◆ **Task item**
Which lines of the data include the string "define"? List them all.

◆ **Source records**

lemma symmetric_gradient_flow_corr_nonneg:
  fixes w :: "real \<Rightarrow> nat \<Rightarrow> real" and G :: "nat \<Rightarrow> nat \<Rightarrow> real"
  assumes sym: "\<And>i j. G i j = G j i" and "0 \<le> c" and "0 \<le> t"
    and start: "\<And>i. i < m \<Longrightarrow> w 0 i = 0"
    and der: "\<And>\<tau> i. \<tau> \<in> {0..t} \<Longrightarrow> i < m \<Longrightarrow>
      ((\<lambda>\<tau>. w \<tau> i) has_real_derivative c * (b i - (\<Sum>j<m. G i j * w \<tau> j))) (at \<tau> within {0..t})"
  shows "0 \<le> (\<Sum>i<m. w t i * (b i - (\<Sum>j<m. G i j * w t j)))"
proof -
  define R where "R \<tau> i = b i - (\<Sum>j<m. G i j * w \<tau> j)" for \<tau> i
  have derR: "((\<lambda>\<tau>. R \<tau> i) has_real_derivative - c * (\<Sum>j<m. G i j * R \<tau> j)) (at \<tau> within {0..t})"
    if "\<tau> \<in> {0..t}" for \<tau> i
  proof -
    have "((\<lambda>\<tau>. b i - (\<Sum>j<m. G i j * w \<tau> j)) has_real_derivative 0 - (\<Sum>j<m. G i j * (c * R \<tau> j)))
        (at \<tau> within {0..t})"
      using der[OF that] by (intro DERIV_diff DERIV_const DERIV_sum DERIV_cmult) (simp add: R_def)
    then show ?thesis by (simp add: R_def[abs_def] sum_distrib_left sum_negf mult.left_commute)
  qed
  define \<psi> where "\<psi> \<tau> = (\<Sum>i<m. w \<tau> i * R t i)" for \<tau>
  have "(\<psi> has_derivative (*) (c * (\<Sum>i<m. R \<tau> i * R t i))) (at \<tau> within {0..t})"
    if "0 \<le> \<tau>" "\<tau> \<le> t" for \<tau>
  proof -
    have "(\<psi> has_real_derivative (\<Sum>i<m. c * R \<tau> i * R t i)) (at \<tau> within {0..t})"
      unfolding \<psi>_def using der that by (auto intro!: DERIV_sum DERIV_cmult_right simp: R_def)
    then show ?thesis
      by (simp add: has_field_derivative_imp_has_derivative sum_distrib_left mult.assoc)
  qed
  from mvt_very_simple[OF \<open>0 \<le> t\<close> this] obtain \<xi> where "\<xi> \<in> {0..t}"
    and mvt: "\<psi> t - \<psi> 0 = c * (\<Sum>i<m. R \<xi> i * R t i) * t" by auto
  have "0 \<le> (\<Sum>i<m. R \<xi> i * R t i)"
  proof (rule symmetric_linear_flow_corr_nonneg[where G=G and c=c])
    fix \<tau> i assume "\<tau> \<in> {\<xi>..t}" "i < m"
    then show "((\<lambda>\<tau>. R \<tau> i) has_real_derivative - c * (\<Sum>j<m. G i j * R \<tau> j)) (at \<tau> within {\<xi>..t})"
      using \<open>\<xi> \<in> {0..t}\<close> by (intro DERIV_subset[OF derR]) auto
  qed (use sym \<open>\<xi> \<in> {0..t}\<close> in auto)
  moreover have "\<psi> 0 = 0" using start by (simp add: \<psi>_def)
  ultimately have "0 \<le> \<psi> t" using mvt \<open>0 \<le> c\<close> \<open>0 \<le> t\<close> by simp
  then show ?thesis by (simp add: \<psi>_def R_def)
qed

lemma rf_net_cmult: "rf_net \<sigma> m (\<lambda>i. t * w i) u = (\<lambda>x. t * rf_net \<sigma> m w u x)"
  by (simp add: rf_net_def[abs_def] sum_distrib_left mult.assoc)

lemma rf_net_fun_upd:
  "i < m \<Longrightarrow> rf_net \<sigma> m (w(i := c)) u x = rf_net \<sigma> m w u x + (c - w i) * \<sigma> (inner (u i) x)"
  unfolding rf_net_def by (simp add: sum.remove[of "{..<m}" i] algebra_simps)

lemma sq_integrable_rf_net:
  "\<forall>i<m. sq_integrable D (\<lambda>x. \<sigma> (inner (u i) x)) \<Longrightarrow> sq_integrable D (rf_net \<sigma> m w u)"
  unfolding rf_net_def[abs_def] by auto

lemma L2ip_rf_net_left:
  assumes features: "\<forall>i<m. sq_integrable D (\<lambda>x. \<sigma> (inner (u i) x))" and "sq_integrable D g"
  shows "L2ip D (rf_net \<sigma> m w u) g = (\<Sum>i<m. w i * L2ip D (\<lambda>x. \<sigma> (inner (u i) x)) g)"
  unfolding rf_net_def[abs_def] using assms by (subst L2ip_sum_left) auto

lemma L2ip_feature_residual:
  assumes features: "\<forall>i<m. sq_integrable D (\<lambda>x. \<sigma> (inner (u i) x))"
    and "sq_integrable D h" and "i < m"
  shows "L2ip D (\<lambda>x. \<sigma> (inner (u i) x)) (\<lambda>x. h x - rf_net \<sigma> m w u x)
    = L2ip D (\<lambda>x. \<sigma> (inner (u i) x)) h
      - (\<Sum>j<m. L2ip D (\<lambda>x. \<sigma> (inner (u i) x)) (\<lambda>x. \<sigma> (inner (u j) x)) * w j)"
proof -
  have "L2ip D (\<lambda>x. \<sigma> (inner (u i) x)) (rf_net \<sigma> m w u)
      = (\<Sum>j<m. w j * L2ip D (\<lambda>x. \<sigma> (inner (u j) x)) (\<lambda>x. \<sigma> (inner (u i) x)))"
    using assms by (simp add: L2ip_commute[of D _ "rf_net \<sigma> m w u"] L2ip_rf_net_left)
  then show ?thesis
    using assms sq_integrable_rf_net[OF features]
    by (simp add: L2ip_diff_right L2ip_commute mult.commute)
qed

lemma pop_risk_add_scaled:
  assumes "sq_integrable D g" "sq_integrable D h" "sq_integrable D \<phi>"
  shows "pop_risk D (\<lambda>x. g x + s * \<phi> x) h
    = pop_risk D g h - 2 * s * L2ip D \<phi> (\<lambda>x. h x - g x) + s^2 * L2ip D \<phi> \<phi>"
proof -
  define r where "r x = g x - h x" for x
  have "sq_integrable D r" using assms by (simp add: r_def[abs_def])
  have "pop_risk D (\<lambda>x. g x + s * \<phi> x) h = L2ip D (\<lambda>x. r x + s * \<phi> x) (\<lambda>x. r x + s * \<phi> x)"
    unfolding pop_risk_eq_L2ip r_def by (simp add: algebra_simps)
  also have "\<dots> = L2ip D r r + 2 * s * L2ip D \<phi> r + s^2 * L2ip D \<phi> \<phi>"
    using \<open>sq_integrable D r\<close> assms(3)
    by (simp add: L2ip_add_left L2ip_add_right L2ip_commute[of D r \<phi>] power2_eq_square algebra_simps)
  also have "L2ip D \<phi> r = - L2ip D \<phi> (\<lambda>x. h x - g x)"
    using assms by (simp add: r_def[abs_def] L2ip_diff_right)
  finally show ?thesis by (simp add: pop_risk_eq_L2ip r_def[abs_def])
qed

lemma deriv_pop_risk_rf_net:
  assumes features: "\<forall>i<m. sq_integrable D (\<lambda>x. \<sigma> (inner (u i) x))"
    and "sq_integrable D h" and "i < m"
  shows "deriv (\<lambda>c. pop_risk D (rf_net \<sigma> m (w(i := c)) u) h) (w i)
    = - 2 * (L2ip D (\<lambda>x. \<sigma> (inner (u i) x)) h
        - (\<Sum>j<m. L2ip D (\<lambda>x. \<sigma> (inner (u i) x)) (\<lambda>x. \<sigma> (inner (u j) x)) * w j))"
proof -
  define g where "g = rf_net \<sigma> m w u"
  define \<phi> where "\<phi> x = \<sigma> (inner (u i) x)" for x
  have "sq_integrable D \<phi>" using features \<open>i < m\<close> by (simp add: \<phi>_def[abs_def])
  have "pop_risk D (rf_net \<sigma> m (w(i := c)) u) h
      = pop_risk D g h - 2 * (c - w i) * L2ip D \<phi> (\<lambda>x. h x - g x) + (c - w i)^2 * L2ip D \<phi> \<phi>" for c
    using pop_risk_add_scaled[OF _ _ \<open>sq_integrable D \<phi>\<close>, of g h "c - w i"] assms
      sq_integrable_rf_net[OF features]
    by (simp add: rf_net_fun_upd[OF \<open>i < m\<close>, abs_def] g_def \<phi>_def)
  moreover have "((\<lambda>c. pop_risk D g h - 2 * (c - w i) * L2ip D \<phi> (\<lambda>x. h x - g x)
      + (c - w i)^2 * L2ip D \<phi> \<phi>) has_real_derivative - 2 * L2ip D \<phi> (\<lambda>x. h x - g x)) (at (w i))"
    by (auto intro!: derivative_eq_intros)
  ultimately have "deriv (\<lambda>c. pop_risk D (rf_net \<sigma> m (w(i := c)) u) h) (w i)
      = - 2 * L2ip D \<phi> (\<lambda>x. h x - g x)"
    by (simp add: DERIV_imp_deriv)
  then show ?thesis
    by (simp add: g_def \<phi>_def[abs_def] L2ip_feature_residual[OF assms])
qed

lemma L2ip_rf_net_residual:
  assumes features: "\<forall>i<m. sq_integrable D (\<lambda>x. \<sigma> (inner (u i) x))" and "sq_integrable D h"
  shows "L2ip D (rf_net \<sigma> m w u) (\<lambda>x. h x - rf_net \<sigma> m w u x)
    = (\<Sum>i<m. w i * (L2ip D (\<lambda>x. \<sigma> (inner (u i) x)) h
        - (\<Sum>j<m. L2ip D (\<lambda>x. \<sigma> (inner (u i) x)) (\<lambda>x. \<sigma> (inner (u j) x)) * w j)))"
  using assms sq_integrable_rf_net[OF features]
  by (simp add: L2ip_rf_net_left L2ip_feature_residual)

◆ **Expected answer**
  define R where "R \<tau> i = b i - (\<Sum>j<m. G i j * w \<tau> j)" for \<tau> i
  define \<psi> where "\<psi> \<tau> = (\<Sum>i<m. w \<tau> i * R t i)" for \<tau>
  define r where "r x = g x - h x" for x
  define g where "g = rf_net \<sigma> m w u"
  define \<phi> where "\<phi> x = \<sigma> (inner (u i) x)" for x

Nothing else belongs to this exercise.